En ese contexto, el IPC de marzo en Estados Unidos reflejó el impacto del shock energético. Los precios al consumidor subieron 0.9 % mensual y la tasa anual alcanzó 3.3 %, impulsados principalmente por el alza de la energía.
Si bien el repunte inflacionario responde al shock energético, la inflación subyacente mostró un comportamiento más moderado, lo que dio cierto alivio al mercado en el corto plazo.
ALIVIO
Los mercados reaccionaron con una recuperación en los commodities y un debilitamiento del dólar. El oro avanzó cerca de 2% y el cobre extendió su racha alcista, mientras el crudo West Texas Intermediate registró su mayor caída semanal en nueve meses, retrocediendo hacia la zona de USD 96-97 por barril.

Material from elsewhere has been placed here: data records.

text \<open>Under Perturbed Culture the number of voters holding a fixed ranking r is
  binomially distributed with parameter \<open>Phat m \<theta> r\<close>, so by Hoeffding's inequality the
  empirical weight of r deviates from \<open>Phat m \<theta> r\<close> by at least \<epsilon> with probability at most
  \<open>2 exp (-2 \<epsilon>\<^sup>2 n)\<close>. If f is CM in a discrete profile, then by homogeneity it is CM in the
  normalized continuous profile, which therefore lies outside the \<epsilon>-neighbourhood of
  \<open>Phat\<close>; hence some ranking deviates by at least \<epsilon>, and a union bound over the m! rankings
  gives the claim.\<close>

lemma rankings_eq_permutations_of_set: "rankings m = permutations_of_set {1..m}"
  by (auto simp: rankings_def permutations_of_set_def)

lemma finite_rankings: "finite (rankings m)"
  by (simp add: rankings_eq_permutations_of_set)

lemma card_rankings: "card (rankings m) = fact m"
  by (simp add: rankings_eq_permutations_of_set)

lemma id_ranking_in_rankings: "id_ranking m \<in> rankings m"
  by (auto simp: rankings_def id_ranking_def)

lemma finite_disc_profiles: "finite (disc_profiles m n)"
  by (simp add: disc_profiles_def finite_PiE finite_rankings)

lemma Phat_nonneg: "0 \<le> \<theta> \<Longrightarrow> \<theta> \<le> 1 \<Longrightarrow> 0 \<le> Phat m \<theta> p"
  by (auto simp: Phat_def)

lemma sum_Phat: "(\<Sum>p\<in>rankings m. Phat m \<theta> p) = 1"
proof -
  have "(\<Sum>p\<in>rankings m. Phat m \<theta> p) =
      (\<Sum>p\<in>rankings m. if p = id_ranking m then \<theta> else 0) + (\<Sum>p\<in>rankings m. (1 - \<theta>) / fact m)"
    by (simp add: Phat_def sum.distrib)
  also have "\<dots> = \<theta> + (1 - \<theta>)"
    by (simp add: finite_rankings id_ranking_in_rankings card_rankings)
  finally show ?thesis by simp
qed

lemma map_pmf_eq_bernoulli_pmf: "map_pmf (\<lambda>x. x = r) D = bernoulli_pmf (pmf D r)"
proof (rule pmf_eqI)
  fix b :: bool
  have "pmf (map_pmf (\<lambda>x. x = r) D) b = measure_pmf.prob D ((\<lambda>x. x = r) -` {b})"
    by (simp add: pmf_map)
  also have "\<dots> = (if b then pmf D r else 1 - pmf D r)"
  proof (cases b)
    case True
    then have "(\<lambda>x. x = r) -` {b} = {r}" by auto
    with True show ?thesis by (simp add: measure_pmf_single)
  next
    case False
    then have "(\<lambda>x. x = r) -` {b} = UNIV - {r}" by auto
    with False show ?thesis
      using measure_pmf.prob_compl[of "{r}" D] by (simp add: measure_pmf_single)
  qed
  finally show "pmf (map_pmf (\<lambda>x. x = r) D) b = pmf (bernoulli_pmf (pmf D r)) b"
    by (simp add: pmf_le_1)
qed

lemma count_Pi_pmf_eq_binomial_pmf:
  assumes "finite I"
  shows "map_pmf (\<lambda>V. card {v \<in> I. V v = r}) (Pi_pmf I dflt (\<lambda>_. D)) =
           binomial_pmf (card I) (pmf D r)"
proof -
  have "binomial_pmf (card I) (pmf D r) =
      map_pmf (\<lambda>f. card {v \<in> I. f v}) (Pi_pmf I (dflt = r) (\<lambda>_. bernoulli_pmf (pmf D r)))"
    by (rule binomial_pmf_altdef') (auto simp: assms pmf_le_1)
  also have "Pi_pmf I (dflt = r) (\<lambda>_. bernoulli_pmf (pmf D r)) =
      map_pmf ((\<circ>) (\<lambda>x. x = r)) (Pi_pmf I dflt (\<lambda>_. D))"
    by (simp add: Pi_pmf_map assms flip: map_pmf_eq_bernoulli_pmf)
  finally show ?thesis
    by (simp add: pmf.map_comp o_def)
qed
lemma curvature_index_complete_multipartite:
  fixes part :: "nat \<Rightarrow> 'a"
  assumes two_parts: "a < n" "b < n" "part a \<noteq> part b"
    and no_pair: "\<forall>j<n. card (part_class n part j) \<noteq> 2"
  defines "T \<equiv> (\<Sum>j<n. 1 / (real (card (part_class n part j)) - 2))"
  assumes "T \<noteq> 0" "T \<noteq> -1"
  shows "curvature_index n (complete_multipartite n part) = ereal (1 + 1 / T)"
proof -
  define m where "m j = real (card (part_class n part j)) - 2" for j
  define x where "x j = 1 / m j / (1 + T)" for j
  have "1 + T \<noteq> 0" using \<open>T \<noteq> -1\<close> by linarith
  have m_nonzero: "m j \<noteq> 0" if "j < n" for j
    using no_pair that by (simp add: m_def)
  have sum_x: "(\<Sum>j<n. x j) = T / (1 + T)"
    unfolding x_def sum_divide_distrib[symmetric] by (simp add: T_def m_def)
  have class_sum: "(\<Sum>j\<in>part_class n part i. x j) = (m i + 2) * x i" for i
  proof -
    have "(\<Sum>j\<in>part_class n part i. x j) = (\<Sum>j\<in>part_class n part i. x i)"
      by (intro sum.cong) (auto simp: x_def m_def dest: part_class_eq)
    then show ?thesis by (simp add: m_def)
  qed
  have "curvature_potential n (complete_multipartite n part) x"
    unfolding curvature_potential_def
  proof (intro allI impI)
    fix i assume "i < n"
    have "dist_mult n (complete_multipartite n part) x i = T / (1 + T) + m i * x i"
      unfolding dist_mult_complete_multipartite[OF two_parts \<open>i < n\<close>] sum_x class_sum
      by (simp add: algebra_simps)
    also have "\<dots> = 1"
      using m_nonzero[OF \<open>i < n\<close>] \<open>1 + T \<noteq> 0\<close>
      by (simp add: x_def add_divide_distrib[symmetric])
    finally show "dist_mult n (complete_multipartite n part) x i = 1" .
  qed
  then have "curvature_index n (complete_multipartite n part) = ereal (1 / (T / (1 + T)))"
    using curvature_index_eq_inverse_sum[OF sym_gdist_complete_multipartite[OF two_parts]]
      sum_x \<open>T \<noteq> 0\<close> \<open>1 + T \<noteq> 0\<close> by simp
  also have "1 / (T / (1 + T)) = 1 + 1 / T"
    using \<open>T \<noteq> 0\<close> by (simp add: field_simps)
  finally show ?thesis .
qed

lemma curvature_index_complete_multipartite_pair:
  assumes "a < n" "b < n" "part a \<noteq> part b"
    and pair: "card (part_class n part a) = 2"
  shows "curvature_index n (complete_multipartite n part) = ereal 1"
proof -
  define x where "x j = (if part j = part a then 1 / 2 else 0 :: real)" for j
  have class_sum: "(\<Sum>j\<in>part_class n part i. x j) = 2 * x i" if "i < n" for i
  proof (cases "part i = part a")
    case True
    then have "part_class n part i = part_class n part a" by (simp add: part_class_def)
    then show ?thesis using True pair by (simp add: x_def part_class_def)
  next
    case False
    then show ?thesis by (simp add: x_def part_class_def)
  qed
  have sum_x: "(\<Sum>j<n. x j) = 1"
  proof -
    have "(\<Sum>j<n. x j) = (\<Sum>j\<in>part_class n part a. 1 / 2)"
      unfolding sum_part_class x_def ..
    then show ?thesis using pair by simp
  qed
  have "curvature_potential n (complete_multipartite n part) x"
    unfolding curvature_potential_def
    using dist_mult_complete_multipartite[OF assms(1-3)] class_sum sum_x by simp
  then show ?thesis
    using curvature_index_eq_inverse_sum[OF sym_gdist_complete_multipartite[OF assms(1-3)]]
      sum_x by simp
qed

definition block_part :: "nat \<Rightarrow> nat \<Rightarrow> nat \<Rightarrow> nat" where
  "block_part p s v = (if v < p then v else p + (v - p) div s)"

lemma part_class_block_part_singleton:
  assumes "j < p" "j < n"
  shows "part_class n (block_part p s) j = {j}"
  using assms by (auto simp: part_class_def block_part_def)

lemma part_class_block_part_block:
  assumes "p \<le> j" "j < p + r * s"
  defines "k \<equiv> (j - p) div s"
  shows "part_class (p + r * s) (block_part p s) j = {p + k * s ..< p + k * s + s}"
proof -
  have "0 < s" using assms(1,2) by (cases s) auto
  have "k < r" using assms(1,2) \<open>0 < s\<close> by (simp add: k_def less_mult_imp_div_less)
  then have "k * s + s \<le> r * s" by (metis add.commute mult_Suc mult_le_mono1 Suc_leI)
  have div_eq: "(v - p) div s = k \<longleftrightarrow> k * s \<le> v - p \<and> v - p < k * s + s" for v
    using less_eq_div_iff_mult_less_eq[OF \<open>0 < s\<close>, of k "v - p"]
      div_less_iff_less_mult[OF \<open>0 < s\<close>, of "v - p" "Suc k"] by auto
  have "v \<in> part_class (p + r * s) (block_part p s) j \<longleftrightarrow> v \<in> {p + k * s ..< p + k * s + s}" for v
  proof (cases "v < p")
    case True
    then show ?thesis using assms(1) by (simp add: part_class_def block_part_def)
  next
    case False
    then have "v \<in> part_class (p + r * s) (block_part p s) j \<longleftrightarrow>
        v < p + r * s \<and> (v - p) div s = k"
      using assms(1) by (simp add: part_class_def block_part_def k_def)
    also have "\<dots> \<longleftrightarrow> v \<in> {p + k * s ..< p + k * s + s}"
      unfolding div_eq using False \<open>k * s + s \<le> r * s\<close> by auto
    finally show ?thesis .
  qed
  then show ?thesis by blast
qed

lemma card_part_class_block_part_block:
  assumes "p \<le> j" "j < p + r * s"
  shows "card (part_class (p + r * s) (block_part p s) j) = s"
  using part_class_block_part_block[OF assms] by simp

lemma sum_inverse_part_size_block_part:
  "(\<Sum>j<p + r * s. 1 / (real (card (part_class (p + r * s) (block_part p s) j)) - 2)) =
    real (r * s) / (real s - 2) - real p"
proof -
  let ?f = "\<lambda>j. 1 / (real (card (part_class (p + r * s) (block_part p s) j)) - 2)"
  have "(\<Sum>j<p + r * s. ?f j) = (\<Sum>j<p. ?f j) + (\<Sum>j\<in>{p..<p + r * s}. ?f j)"
    by (metis add.commute atLeast0LessThan le_add1 sum.atLeastLessThan_concat zero_le)
  also have "(\<Sum>j<p. ?f j) = (\<Sum>j<p. - 1)"
    by (intro sum.cong) (auto simp: part_class_block_part_singleton)
  also have "(\<Sum>j\<in>{p..<p + r * s}. ?f j) = (\<Sum>j\<in>{p..<p + r * s}. 1 / (real s - 2))"
    by (intro sum.cong) (auto simp: card_part_class_block_part_block)
  finally show ?thesis by simp
qed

En paralelo, el índice DXY cayó por debajo de los 99 puntos y los rendimientos del Tesoro retrocedieron, reflejando un alivio en las expectativas inflacionarias.
Sin embargo, el inicio de la nueva semana muestra un giro en el escenario. El fracaso de las negociaciones y el anuncio de un bloqueo al Estrecho de Ormuz impulsaron nuevamente el petróleo por encima de los USD 100 por barril y devolvieron la presión a los mercados.
Mientras persista la incertidumbre geopolítica, el dólar mantendrá su rol de refugio y la volatilidad seguirá siendo elevada; cualquier avance diplomático podría revertir rápidamente este escenario.